__What is needed__:
Through the end of the data below, output every line exactly, beginning with the line that contains "Summing over \<open>j\<close>".

[Collected data]
----

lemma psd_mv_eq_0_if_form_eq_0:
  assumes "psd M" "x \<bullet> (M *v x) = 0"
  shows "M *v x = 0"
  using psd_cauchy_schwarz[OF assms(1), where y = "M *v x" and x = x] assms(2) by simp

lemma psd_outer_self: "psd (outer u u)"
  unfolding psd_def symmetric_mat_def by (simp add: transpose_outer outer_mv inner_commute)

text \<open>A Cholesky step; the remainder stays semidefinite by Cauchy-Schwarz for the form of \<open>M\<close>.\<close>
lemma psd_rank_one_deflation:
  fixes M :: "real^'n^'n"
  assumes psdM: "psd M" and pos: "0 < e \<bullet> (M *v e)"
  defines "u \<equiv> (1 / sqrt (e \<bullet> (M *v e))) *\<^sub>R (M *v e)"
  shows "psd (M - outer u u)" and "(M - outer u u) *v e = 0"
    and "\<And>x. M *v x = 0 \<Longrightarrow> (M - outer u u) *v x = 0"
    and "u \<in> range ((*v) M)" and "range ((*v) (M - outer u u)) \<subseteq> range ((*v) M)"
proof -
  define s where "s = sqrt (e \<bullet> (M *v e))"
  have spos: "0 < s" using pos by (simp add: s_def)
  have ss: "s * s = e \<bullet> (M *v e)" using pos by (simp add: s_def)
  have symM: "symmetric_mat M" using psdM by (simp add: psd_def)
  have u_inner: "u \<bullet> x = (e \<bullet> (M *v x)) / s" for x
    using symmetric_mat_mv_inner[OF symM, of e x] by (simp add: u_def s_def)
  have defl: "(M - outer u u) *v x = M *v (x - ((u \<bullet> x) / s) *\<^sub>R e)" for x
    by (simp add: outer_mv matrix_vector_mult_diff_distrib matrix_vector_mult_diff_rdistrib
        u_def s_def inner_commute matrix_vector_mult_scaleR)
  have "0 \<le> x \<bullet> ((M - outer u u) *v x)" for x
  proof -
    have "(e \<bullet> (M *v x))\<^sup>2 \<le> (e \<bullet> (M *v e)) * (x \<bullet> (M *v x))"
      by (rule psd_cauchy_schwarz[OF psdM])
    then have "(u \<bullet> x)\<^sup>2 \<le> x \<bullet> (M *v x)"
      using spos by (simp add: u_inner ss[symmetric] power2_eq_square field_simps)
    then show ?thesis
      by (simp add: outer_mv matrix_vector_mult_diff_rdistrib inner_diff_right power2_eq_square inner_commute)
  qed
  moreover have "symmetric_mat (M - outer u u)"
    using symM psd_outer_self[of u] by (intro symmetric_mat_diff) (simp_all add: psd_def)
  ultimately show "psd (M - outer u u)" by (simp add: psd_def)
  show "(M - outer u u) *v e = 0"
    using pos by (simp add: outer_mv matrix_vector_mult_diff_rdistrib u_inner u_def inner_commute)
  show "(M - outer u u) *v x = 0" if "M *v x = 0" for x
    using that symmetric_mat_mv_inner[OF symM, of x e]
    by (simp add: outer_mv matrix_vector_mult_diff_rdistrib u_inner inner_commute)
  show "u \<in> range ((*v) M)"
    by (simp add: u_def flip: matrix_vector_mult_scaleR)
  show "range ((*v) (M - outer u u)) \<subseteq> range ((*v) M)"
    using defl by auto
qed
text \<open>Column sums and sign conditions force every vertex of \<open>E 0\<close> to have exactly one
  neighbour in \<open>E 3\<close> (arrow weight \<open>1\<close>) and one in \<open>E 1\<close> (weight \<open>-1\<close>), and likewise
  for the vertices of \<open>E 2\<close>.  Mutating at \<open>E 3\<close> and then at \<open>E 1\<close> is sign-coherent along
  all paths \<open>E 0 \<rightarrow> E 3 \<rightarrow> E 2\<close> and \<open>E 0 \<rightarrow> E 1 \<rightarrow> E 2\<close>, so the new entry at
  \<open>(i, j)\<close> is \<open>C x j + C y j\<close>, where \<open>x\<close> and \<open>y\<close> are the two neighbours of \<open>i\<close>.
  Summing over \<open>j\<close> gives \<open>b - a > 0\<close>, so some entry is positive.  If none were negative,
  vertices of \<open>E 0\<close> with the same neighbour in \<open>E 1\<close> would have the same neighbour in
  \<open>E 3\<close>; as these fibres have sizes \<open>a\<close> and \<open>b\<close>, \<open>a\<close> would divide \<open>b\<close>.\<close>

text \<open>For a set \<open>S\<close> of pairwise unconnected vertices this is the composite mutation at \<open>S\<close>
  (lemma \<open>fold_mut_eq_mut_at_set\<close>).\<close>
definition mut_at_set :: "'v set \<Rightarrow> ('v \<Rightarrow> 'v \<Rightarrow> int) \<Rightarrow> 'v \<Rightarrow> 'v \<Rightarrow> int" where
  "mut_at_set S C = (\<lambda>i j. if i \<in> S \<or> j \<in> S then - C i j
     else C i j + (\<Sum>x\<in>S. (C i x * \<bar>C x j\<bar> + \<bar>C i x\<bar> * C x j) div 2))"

----

__Response area__:
  Summing over \<open>j\<close> gives \<open>b - a > 0\<close>, so some entry is positive.  If none were negative,
  vertices of \<open>E 0\<close> with the same neighbour in \<open>E 1\<close> would have the same neighbour in
  \<open>E 3\<close>; as these fibres have sizes \<open>a\<close> and \<open>b\<close>, \<open>a\<close> would divide \<open>b\<close>.\<close>

text \<open>For a set \<open>S\<close> of pairwise unconnected vertices this is the composite mutation at \<open>S\<close>
  (lemma \<open>fold_mut_eq_mut_at_set\<close>).\<close>
definition mut_at_set :: "'v set \<Rightarrow> ('v \<Rightarrow> 'v \<Rightarrow> int) \<Rightarrow> 'v \<Rightarrow> 'v \<Rightarrow> int" where
  "mut_at_set S C = (\<lambda>i j. if i \<in> S \<or> j \<in> S then - C i j
     else C i j + (\<Sum>x\<in>S. (C i x * \<bar>C x j\<bar> + \<bar>C i x\<bar> * C x j) div 2))"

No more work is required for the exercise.